Module Name: msfragger (see the modules page for more information)
Multithreaded application. Use --num_threads=N to specify the number of threads to run.
Limit memory usage with the java heap size option -Xmx (e.g. -Xmx3700m for 3700 MB or -Xmx32g for 32 GB).
This application can be executed at the command line or invoked through the fragpipe GUI frontend.
Environment variables set
- MSFRAGGER_HOME
- MSFRAGGER_JAR

Interactive job

Interactive jobs should be used for debugging, graphics, or applications that cannot be run as batch jobs.

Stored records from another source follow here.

lemma eventually_kappa_pos:
  fixes \<kappa> :: "real \<Rightarrow> real"
  assumes "\<kappa> \<sim>[at_top] left_inv (\<lambda>s. 1 / \<gamma> s)"
  shows "eventually (\<lambda>t. 0 < \<kappa> t) at_top"
proof -
  have "eventually (\<lambda>t. 0 < \<kappa> t / left_inv (\<lambda>s. 1 / \<gamma> s) t) at_top"
    using order_tendstoD(1)[OF kappa_over_left_inv_tendsto[OF assms], of 0] by simp
  moreover have "eventually (\<lambda>t. 0 < left_inv (\<lambda>s. 1 / \<gamma> s) t) at_top"
    using filterlim_at_top_dense[THEN iffD1, OF filterlim_left_inv_at_top] by simp
  ultimately show ?thesis by eventually_elim (simp add: zero_less_divide_iff)
qed

lemma regvar_ratio_tendsto:
  fixes s :: "'b \<Rightarrow> real"
  assumes rv: "regvar_neg \<alpha> \<gamma>" and s: "filterlim s at_top F" and "0 < c" "0 < d"
  shows "((\<lambda>t. \<gamma> (s t * c) / \<gamma> (s t * d)) \<longlongrightarrow> c powr (- \<alpha>) / d powr (- \<alpha>)) F"
proof (rule Lim_transform_eventually)
  show "((\<lambda>t. (\<gamma> (s t * c) / \<gamma> (s t)) / (\<gamma> (s t * d) / \<gamma> (s t)))
      \<longlongrightarrow> c powr (- \<alpha>) / d powr (- \<alpha>)) F"
    using assms unfolding regvar_neg_def
    by (intro tendsto_divide filterlim_compose[OF _ s]) auto
  show "eventually (\<lambda>t. (\<gamma> (s t * c) / \<gamma> (s t)) / (\<gamma> (s t * d) / \<gamma> (s t))
      = \<gamma> (s t * c) / \<gamma> (s t * d)) F"
    using filterlim_at_top_dense[THEN iffD1, OF s, rule_format, of 0]
  proof eventually_elim
    case (elim t)
    then have "\<gamma> (s t) \<noteq> 0" using pos by (metis less_irrefl)
    then show ?case by simp
  qed
qed

lemma kappa_scaled_gamma_bounds:
  fixes \<kappa> :: "real \<Rightarrow> real"
  assumes kappa: "\<kappa> \<sim>[at_top] left_inv (\<lambda>s. 1 / \<gamma> s)" and "0 < x" "0 < e" "e < 1"
  defines "L \<equiv> left_inv (\<lambda>s. 1 / \<gamma> s)"
  shows "eventually (\<lambda>t. \<gamma> (L t * ((1 + e) * x)) / \<gamma> (L t * (1 - e)) \<le> t * \<gamma> (\<kappa> t * x)
    \<and> t * \<gamma> (\<kappa> t * x) \<le> \<gamma> (L t * ((1 - e) * x)) / \<gamma> (L t * (1 + e))) at_top"
proof -
  have "eventually (\<lambda>t. \<bar>\<kappa> t / L t - 1\<bar> < e) at_top"
    using tendstoD[OF kappa_over_left_inv_tendsto[OF kappa] \<open>0 < e\<close>] by (simp add: dist_real_def L_def)
  moreover have "eventually (\<lambda>t. 0 < L t) at_top"
    using filterlim_at_top_dense[THEN iffD1, OF filterlim_left_inv_at_top] by (simp add: L_def)
  ultimately show ?thesis using eventually_gt_at_top[of 0]
  proof eventually_elim
    case (elim t)
    then have L: "0 < L t" and t: "0 < t" by auto
    have kb: "(1 - e) * L t \<le> \<kappa> t" "\<kappa> t \<le> (1 + e) * L t"
      using elim(1) L by (auto simp: abs_less_iff field_simps)
    have k: "L t * ((1 - e) * x) \<le> \<kappa> t * x" "\<kappa> t * x \<le> L t * ((1 + e) * x)"
      using mult_right_mono[OF kb(1), of x] mult_right_mono[OF kb(2), of x] \<open>0 < x\<close>
      by (simp_all add: algebra_simps)
    have lo_pos: "0 < L t * ((1 - e) * x)" using L assms by simp
    have g: "\<gamma> (\<kappa> t * x) \<le> \<gamma> (L t * ((1 - e) * x))" "\<gamma> (L t * ((1 + e) * x)) \<le> \<gamma> (\<kappa> t * x)"
      using antimono[OF lo_pos k(1)] antimono[OF _ k(2)] lo_pos k(1) by auto
    have gp: "0 < \<gamma> (L t * (1 + e))" using pos L \<open>0 < e\<close> by simp
    moreover have "\<gamma> (L t * (1 + e)) \<le> 1 / t"
      using gamma_left_inv_above_le[of t e] L t \<open>0 < e\<close> by (simp add: L_def)
    ultimately have up: "t \<le> 1 / \<gamma> (L t * (1 + e))" using t by (simp add: field_simps)
    have lo: "1 / \<gamma> (L t * (1 - e)) \<le> t"
      using gamma_left_inv_below_gt[of t e] pos[of "L t * (1 - e)"] L t assms(3,4)
      by (simp add: L_def field_simps)
    have "t * \<gamma> (\<kappa> t * x) \<le> 1 / \<gamma> (L t * (1 + e)) * \<gamma> (L t * ((1 - e) * x))"
      using g(1) up pos[of "\<kappa> t * x"] lo_pos k(1) t gp by (intro mult_mono) auto
    moreover have "1 / \<gamma> (L t * (1 - e)) * \<gamma> (L t * ((1 + e) * x)) \<le> t * \<gamma> (\<kappa> t * x)"
      using g(2) lo pos[of "L t * ((1 + e) * x)"] L t assms by (intro mult_mono) auto
    ultimately show ?case by simp
  qed
qed

lemma kappa_scaled_gamma_tendsto:
  fixes \<kappa> :: "real \<Rightarrow> real"
  assumes rv: "regvar_neg \<alpha> \<gamma>" and kappa: "\<kappa> \<sim>[at_top] left_inv (\<lambda>s. 1 / \<gamma> s)" and "0 < x"
  shows "((\<lambda>t. t * \<gamma> (\<kappa> t * x)) \<longlongrightarrow> x powr (- \<alpha>)) at_top"
proof (rule tendstoI)
  fix r :: real assume "0 < r"
  define up where "up e = ((1 - e) * x) powr (- \<alpha>) / (1 + e) powr (- \<alpha>)" for e
  define lo where "lo e = ((1 + e) * x) powr (- \<alpha>) / (1 - e) powr (- \<alpha>)" for e
  have "(up \<longlongrightarrow> ((1 - 0) * x) powr (- \<alpha>) / (1 + 0) powr (- \<alpha>)) (at_right 0)"
    "(lo \<longlongrightarrow> ((1 + 0) * x) powr (- \<alpha>) / (1 - 0) powr (- \<alpha>)) (at_right 0)"
    unfolding up_def lo_def using \<open>0 < x\<close> by (intro tendsto_intros; simp)+
  then have "eventually (\<lambda>e. up e < x powr (- \<alpha>) + r / 2 \<and> x powr (- \<alpha>) - r / 2 < lo e) (at_right 0)"
    using \<open>0 < r\<close> by (intro eventually_conj order_tendstoD(2)[of up] order_tendstoD(1)[of lo]) auto
  then obtain d where d: "0 < d"
    "\<And>e. 0 < e \<Longrightarrow> e < d \<Longrightarrow> up e < x powr (- \<alpha>) + r / 2 \<and> x powr (- \<alpha>) - r / 2 < lo e"
    unfolding eventually_at_right_field by auto
  define e where "e = min (d / 2) (1 / 2)"
  have e: "0 < e" "e < 1" "up e < x powr (- \<alpha>) + r / 2" "x powr (- \<alpha>) - r / 2 < lo e"
    using d by (auto simp: e_def)
  let ?L = "left_inv (\<lambda>s. 1 / \<gamma> s)"
  have "((\<lambda>t. \<gamma> (?L t * ((1 - e) * x)) / \<gamma> (?L t * (1 + e))) \<longlongrightarrow> up e) at_top"
    "((\<lambda>t. \<gamma> (?L t * ((1 + e) * x)) / \<gamma> (?L t * (1 - e))) \<longlongrightarrow> lo e) at_top"
    unfolding up_def lo_def using e \<open>0 < x\<close>
    by (intro regvar_ratio_tendsto[OF rv filterlim_left_inv_at_top]; simp)+
  then have "eventually (\<lambda>t. \<gamma> (?L t * ((1 - e) * x)) / \<gamma> (?L t * (1 + e)) < x powr (- \<alpha>) + r
      \<and> x powr (- \<alpha>) - r < \<gamma> (?L t * ((1 + e) * x)) / \<gamma> (?L t * (1 - e))) at_top"
    using e \<open>0 < r\<close> by (intro eventually_conj order_tendstoD(2) order_tendstoD(1)) auto
  with kappa_scaled_gamma_bounds[OF kappa \<open>0 < x\<close> e(1,2)]
  show "eventually (\<lambda>t. dist (t * \<gamma> (\<kappa> t * x)) (x powr (- \<alpha>)) < r) at_top"
    by eventually_elim (auto simp: dist_real_def abs_less_iff)
qed

end

section \<open>Spectral densities\<close>

lemma max_div_le_split_left:
  fixes F G a b h :: real
  assumes "0 \<le> F" "0 \<le> G" "0 < a" "0 < b" "0 \<le> h"
  shows "max (F / (a * (b + h))) (G / b)
    \<le> (if F \<le> a * G then G / b else F / (a * (b + h)))
      + (if a * G < F \<and> F * b < a * G * (b + h) then (1 / b - 1 / (b + h)) / a * F else 0)"
proof (cases "F \<le> a * G")
  case True
  have "F / (a * (b + h)) \<le> a * G / (a * (b + h))" using True assms by (intro divide_right_mono) auto
  also have "\<dots> \<le> G / b" using assms by (simp add: divide_left_mono)
  finally show ?thesis using True by simp
next
  case False
  then have "G / b \<le> F / (a * b)" using assms by (simp add: field_simps)
  moreover have "F / (a * (b + h)) + (1 / b - 1 / (b + h)) / a * F = F / (a * b)"
    using assms by (simp add: divide_simps left_diff_distrib) (simp add: algebra_simps)
  moreover have "F / (a * (b + h)) \<le> F / (a * b)" using assms by (intro divide_left_mono) auto
  moreover have "G / b \<le> F / (a * (b + h))" if "a * G * (b + h) \<le> F * b"
    using that assms by (simp add: divide_simps) (simp add: algebra_simps)
  ultimately show ?thesis using False by auto
qed

lemma max_div_le_split_right:
  fixes F G a b h :: real
  assumes "0 \<le> F" "0 \<le> G" "0 < a" "0 < b" "0 \<le> h"
  shows "max (F / (a * b)) (G / (b + h))
    \<le> (if a * G \<le> F then F / (a * b) else G / (b + h))
      + (if F < a * G \<and> a * G * b < F * (b + h) then (1 / b - 1 / (b + h)) * G else 0)"
proof (cases "a * G \<le> F")
  case True
  have "G / (b + h) \<le> G / b" using assms by (intro divide_left_mono) auto
  moreover have "G / b \<le> F / (a * b)" using True assms by (simp add: field_simps)
  ultimately show ?thesis using True by simp
next
  case False
  then have "F / (a * b) \<le> G / b" using assms by (simp add: field_simps)
  moreover have "G / (b + h) + (1 / b - 1 / (b + h)) * G = G / b" by (simp add: left_diff_distrib)
  moreover have "G / (b + h) \<le> G / b" using assms by (intro divide_left_mono) auto
  moreover have "F / (a * b) \<le> G / (b + h)" if "F * (b + h) \<le> a * G * b"
    using that assms by (simp add: field_simps)
  ultimately show ?thesis using False by auto
qed

locale spectral_densities =
  fixes mu :: "'a measure" and f g :: "'a \<Rightarrow> real"
  assumes f_meas[measurable]: "f \<in> borel_measurable mu" and g_meas[measurable]: "g \<in> borel_measurable mu"
    and f_nonneg: "\<forall>s\<in>space mu. 0 \<le> f s" and g_nonneg: "\<forall>s\<in>space mu. 0 \<le> g s"
    and f_int: "integrable mu f" and g_int: "integrable mu g"
    and f_one: "(\<integral>s. f s \<partial>mu) = 1" and g_one: "(\<integral>s. g s \<partial>mu) = 1"
begin

text \<open>\<open>exponent x y\<close> is the exponent function of the bivariate 1-Frechet law,
  \<open>P(X \<le> x, Y \<le> y) = exp (- exponent x y)\<close>.\<close>

definition exponent :: "real \<Rightarrow> real \<Rightarrow> real" where
  "exponent x y = (\<integral>s. max (f s / x) (g s / y) \<partial>mu)"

Allocate an interactive session and run the program.
Sample session (user input in bold):

[user@biowulf ~]$ sinteractive --cpus-per-task=8 --mem=16g
salloc.exe: Pending job allocation 4852341
salloc.exe: job 4852341 queued and waiting for resources
salloc.exe: job 4852341 has been allocated resources
salloc.exe: Granted job allocation 4852341
salloc.exe: Waiting for resource configuration
salloc.exe: Nodes cn0852 are ready for job
srun: error: x11: no local DISPLAY defined, skipping

[user@cn0852 ~]$ module load msfragger
[+] Loading msfragger  3.1.1  on cn0852
[+] Loading java 12.0.1  ...

[user@cn0852 ~]$ java -jar $MSFRAGGER_JAR -h | head
Usage:
        To perform a search either:
                1) java -jar MSFragger.jar  
                To generate default parameter files use --config flag. E.g. "java -jar MSFragger.jar --config"
        Or:
                2) java -jar MSFragger.jar  
Options:
--num_threads                        # Number of CPU threads to use, should be set to the
                                              # number of logical processors; A value of 0
                                              # (auto-detect) will cause MSFragger to use the

[user@cn0852 ~]$ java -Xmx16g -jar $MSFRAGGER_JAR --num_threads=8 params.conf raw.d
MSFragger version MSFragger-3.1.1
Batmass-IO version 1.19.5
timsdata library version timsdata-2-7-0
(c) University of Michigan
RawFileReader reading tool. Copyright (c) 2016 by Thermo Fisher Scientific, Inc. All rights reserved.
System OS: Linux, Architecture: amd64
Java Info: 12.0.1, Java HotSpot(TM) 64-Bit Server VM, Oracle Corporation
JVM started with 16 GB memory
[snip...]

Batch job

Most jobs should be run as batch jobs.

Create a batch input file (e.g. msfragger.sh). For example:

#!/bin/bash
set -e
module load msfragger
cd /path/to/data/and/conf

java -Xmx${SLURM_MEM_PER_NODE}m -jar $MSFRAGGER_JAR --num_threads=${SLURM_CPUS_PER_TASK} params.conf raw.d

Submit this job using the Slurm sbatch command.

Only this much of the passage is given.